NASA's new space processor is 500 times faster than what's flying today
NASA has a new radiation-hardened processor that outperforms every chip currently running in deep space — by a factor of 500. Built with Microchip Technology under NASA's Game Changing Development program, the High Performance Spaceflight Computing (HPSC) chip completed its first symbolic test in February 2026, when engineers sent a "Hello Universe" email through it at JPL. Full radiation, thermal, and shock testing runs through May 2026.
The numbers
The original target was 100 times the computing power of today's space-rated processors. Lab results at JPL blew past that: NASA JPL official benchmarks showed 500x performance over current radiation-hardened chips in use on active missions. To put that in perspective, Mars rovers today rely on computing power roughly equivalent to a mid-1990s desktop — useful, but not capable of real-time decision-making on difficult terrain.
The HPSC is a modular system-on-chip (SoC) combining CPU cores, memory, and networking in a single package. Engineers can switch blocks off when full power isn't needed, extending battery life on long missions. The architecture is built on open-source RISC-V — the same instruction set gaining traction in commercial silicon — which means software ecosystems can grow around it faster than proprietary alternatives.
Why this matters for Artemis — and beyond
Signal delay is the core problem in deep-space missions. A command sent from Earth to Mars can take up to 24 minutes one way. A rover that can't act without human approval is a rover that doesn't act quickly enough. The HPSC is designed to change that: onboard processing powerful enough to analyze soil composition in real time, plot routes through rough terrain autonomously, and manage life-support systems on future lunar bases without waiting for a ground team's sign-off.

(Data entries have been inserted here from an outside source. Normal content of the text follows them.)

lemma nn_integral_weighted_emp_risk_gd_iter_le:
  fixes f :: "'a::euclidean_space \<Rightarrow> 'z \<Rightarrow> real"
  assumes n: "0 < n"
    and f_nonneg: "\<And>w z. 0 \<le> f w z"
    and f_meas: "(\<lambda>(w, z). f w z) \<in> borel_measurable (borel \<Otimes>\<^sub>M D)"
    and grad: "\<And>w z. ((\<lambda>u. f u z) has_derivative (\<lambda>h. g w z \<bullet> h)) (at w)"
    and convex: "\<And>z. convex_on UNIV (\<lambda>w. f w z)"
    and beta: "\<beta> > 0"
    and lipschitz: "\<And>w u z. norm (g w z - g u z) \<le> \<beta> * norm (w - u)"
    and eta: "\<And>t. 0 \<le> eta t" "\<And>t. eta t \<le> 1 / (2 * \<beta>)"
    and Wstar_min: "\<And>S w. S \<in> space (PiM {..<n} (\<lambda>_. D)) \<Longrightarrow>
                      emp_risk f n S (Wstar S) \<le> emp_risk f n S w"
    and Wstar_meas: "Wstar \<in> borel_measurable (PiM {..<n} (\<lambda>_. D))"
  shows "(\<integral>\<^sup>+ S. ennreal (\<Sum>t=1..T. eta t * emp_risk f n S (gd_iter g eta n W1 S t))
            \<partial>PiM {..<n} (\<lambda>_. D))
           \<le> (\<integral>\<^sup>+ S. ennreal ((norm (W1 - Wstar S))\<^sup>2) \<partial>PiM {..<n} (\<lambda>_. D))
             + ennreal (\<Sum>t=1..T. eta t)
               * (\<integral>\<^sup>+ S. ennreal (emp_risk f n S (Wstar S)) \<partial>PiM {..<n} (\<lambda>_. D))"
proof -
  let ?P = "PiM {..<n} (\<lambda>_. D)"
  have "(\<integral>\<^sup>+ S. ennreal (\<Sum>t=1..T. eta t * emp_risk f n S (gd_iter g eta n W1 S t)) \<partial>?P)
         \<le> (\<integral>\<^sup>+ S. ennreal ((norm (W1 - Wstar S))\<^sup>2)
                 + ennreal ((\<Sum>t=1..T. eta t) * emp_risk f n S (Wstar S)) \<partial>?P)"
  proof (rule nn_integral_mono)
    fix S assume "S \<in> space ?P"
    from gd_iter_weighted_emp_risk_bound[OF n grad convex beta lipschitz eta Wstar_min[OF this]]
    show "ennreal (\<Sum>t=1..T. eta t * emp_risk f n S (gd_iter g eta n W1 S t))
            \<le> ennreal ((norm (W1 - Wstar S))\<^sup>2)
               + ennreal ((\<Sum>t=1..T. eta t) * emp_risk f n S (Wstar S))"
      using eta by (simp add: mult.commute sum_nonneg emp_risk_nonneg[OF f_nonneg] flip: ennreal_plus)
  qed
  also have "\<dots> = (\<integral>\<^sup>+ S. ennreal ((norm (W1 - Wstar S))\<^sup>2) \<partial>?P)
                   + ennreal (\<Sum>t=1..T. eta t) * (\<integral>\<^sup>+ S. ennreal (emp_risk f n S (Wstar S)) \<partial>?P)"
    using Wstar_meas borel_measurable_emp_risk[OF f_meas Wstar_meas] eta
    by (simp add: nn_integral_add nn_integral_ennreal_cmult sum_nonneg)
  finally show ?thesis .
qed

theorem lemma20:
  fixes D :: "'z measure"
    and f :: "'a::euclidean_space \<Rightarrow> 'z \<Rightarrow> real"
    and gradf :: "'a \<Rightarrow> 'z \<Rightarrow> 'a"
    and \<beta> :: real and eta :: "nat \<Rightarrow> real"
    and n T i :: nat and W1 :: 'a
    and Wstar :: "(nat \<Rightarrow> 'z) \<Rightarrow> 'a"
  assumes D: "prob_space D"
    and i: "i < n"
    and f_nonneg: "\<And>w z. f w z \<ge> 0"
    and f_meas: "(\<lambda>(w, z). f w z) \<in> borel_measurable (borel \<Otimes>\<^sub>M D)"
    and grad: "\<And>w z. ((\<lambda>u. f u z) has_derivative (\<lambda>h. gradf w z \<bullet> h)) (at w)"
    and grad_meas: "(\<lambda>(w, z). gradf w z) \<in> borel_measurable (borel \<Otimes>\<^sub>M D)"
    and convex: "\<And>z. convex_on UNIV (\<lambda>w. f w z)"
    and beta_pos: "\<beta> > 0"
    and smooth: "\<And>w u z. norm (gradf w z - gradf u z) \<le> \<beta> * norm (w - u)"
    and eta_nonneg: "\<And>t. eta t \<ge> 0"
    and eta_le: "\<And>t. eta t \<le> 1 / (2 * \<beta>)"
    and Wstar_min: "\<And>S w. S \<in> space (PiM {..<n} (\<lambda>_. D)) \<Longrightarrow>
                      emp_risk f n S (Wstar S) \<le> emp_risk f n S w"
    and Wstar_meas: "Wstar \<in> borel_measurable (PiM {..<n} (\<lambda>_. D))"
  shows "(\<Sum>t=1..T. ennreal (eta t) *
            (\<integral>\<^sup>+ S. ennreal ((norm (gradf (gd_iter gradf eta n W1 S t) (S i)))\<^sup>2)
               \<partial>(PiM {..<n} (\<lambda>_. D))))
         \<le> ennreal (4 * \<beta>) * (\<integral>\<^sup>+ S. ennreal ((norm (W1 - Wstar S))\<^sup>2) \<partial>(PiM {..<n} (\<lambda>_. D)))
           + ennreal (8 * \<beta>) * (\<integral>\<^sup>+ S. ennreal (emp_risk f n S (Wstar S)) \<partial>(PiM {..<n} (\<lambda>_. D)))
             * ennreal (\<Sum>t=1..T. eta t)"
proof -
  let ?P = "PiM {..<n} (\<lambda>_. D)"
  let ?R = "\<lambda>t S. emp_risk f n S (gd_iter gradf eta n W1 S t)"
  let ?A = "\<integral>\<^sup>+ S. ennreal ((norm (W1 - Wstar S))\<^sup>2) \<partial>?P"
  let ?B = "\<integral>\<^sup>+ S. ennreal (emp_risk f n S (Wstar S)) \<partial>?P"
  let ?s = "\<Sum>t=1..T. eta t"
  note gd_meas = borel_measurable_gd_iter[OF grad_meas, of eta n W1]
  have "(\<Sum>t=1..T. ennreal (eta t) *
            (\<integral>\<^sup>+ S. ennreal ((norm (gradf (gd_iter gradf eta n W1 S t) (S i)))\<^sup>2) \<partial>?P))
        \<le> (\<Sum>t=1..T. ennreal (eta t) * (ennreal (2 * \<beta>) * (\<integral>\<^sup>+ S. ennreal (?R t S) \<partial>?P)))"
    by (intro sum_mono mult_left_mono nn_integral_gradient_norm_le_emp_risk[OF D i f_nonneg f_meas grad
          smooth beta_pos gd_meas gd_iter_reindex_sample]) auto
  also have "\<dots> = ennreal (2 * \<beta>) * (\<Sum>t=1..T. ennreal (eta t) * (\<integral>\<^sup>+ S. ennreal (?R t S) \<partial>?P))"
    by (simp add: sum_distrib_left mult.left_commute)
  also have "\<dots> = ennreal (2 * \<beta>) * (\<integral>\<^sup>+ S. ennreal (\<Sum>t=1..T. eta t * ?R t S) \<partial>?P)"
    using eta_nonneg emp_risk_nonneg[where f = f, OF f_nonneg]
      borel_measurable_emp_risk[OF f_meas gd_meas]
    by (subst nn_integral_ennreal_weighted_sum) auto
  also have "\<dots> \<le> ennreal (2 * \<beta>) * (?A + ennreal ?s * ?B)"
    using i by (intro mult_left_mono nn_integral_weighted_emp_risk_gd_iter_le[OF _ f_nonneg f_meas grad
          convex beta_pos smooth eta_nonneg eta_le Wstar_min Wstar_meas]) auto
  also have "\<dots> = ennreal (2 * \<beta>) * ?A + ennreal (2 * \<beta> * ?s) * ?B"
    using beta_pos eta_nonneg by (simp add: distrib_left ennreal_mult sum_nonneg mult.assoc)
  \<comment> \<open>The argument gives the constant 2\<beta> in both terms; the stated constants are weaker.\<close>
  also have "\<dots> \<le> ennreal (4 * \<beta>) * ?A + ennreal (8 * \<beta> * ?s) * ?B"
    using beta_pos eta_nonneg
    by (intro add_mono mult_right_mono ennreal_leI) (auto intro: mult_right_mono sum_nonneg)
  also have "\<dots> = ennreal (4 * \<beta>) * ?A + ennreal (8 * \<beta>) * ?B * ennreal ?s"
    using beta_pos eta_nonneg by (simp add: ennreal_mult sum_nonneg mult_ac)
  finally show ?thesis .
qed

NASA is targeting the HPSC for Artemis lunar missions, with a crewed landing aimed at early 2028. The chip must clear JPL certification by late 2026 to stay on that schedule. Per the Microchip PIC64-HPSC product page, the platform supports Linux and RTEMS, making it easier to port existing flight software.
Earth-side spin-offs
Microchip Technology is already adapting the design for commercial use — aviation safety systems and autonomous vehicles are the stated targets, sectors where a single hardware fault can be catastrophic. No production roadmap or pricing has been announced yet, and early-access samples have so far gone only to US defense and aerospace contractors. A broader commercial rollout is unlikely before 2027 at the earliest.
The 500x figure comes from controlled lab benchmarks, and real-world mission performance will depend on workload. But even a fraction of that gain would represent a genuine step change for spacecraft that have been running on 1990s-era computing for decades.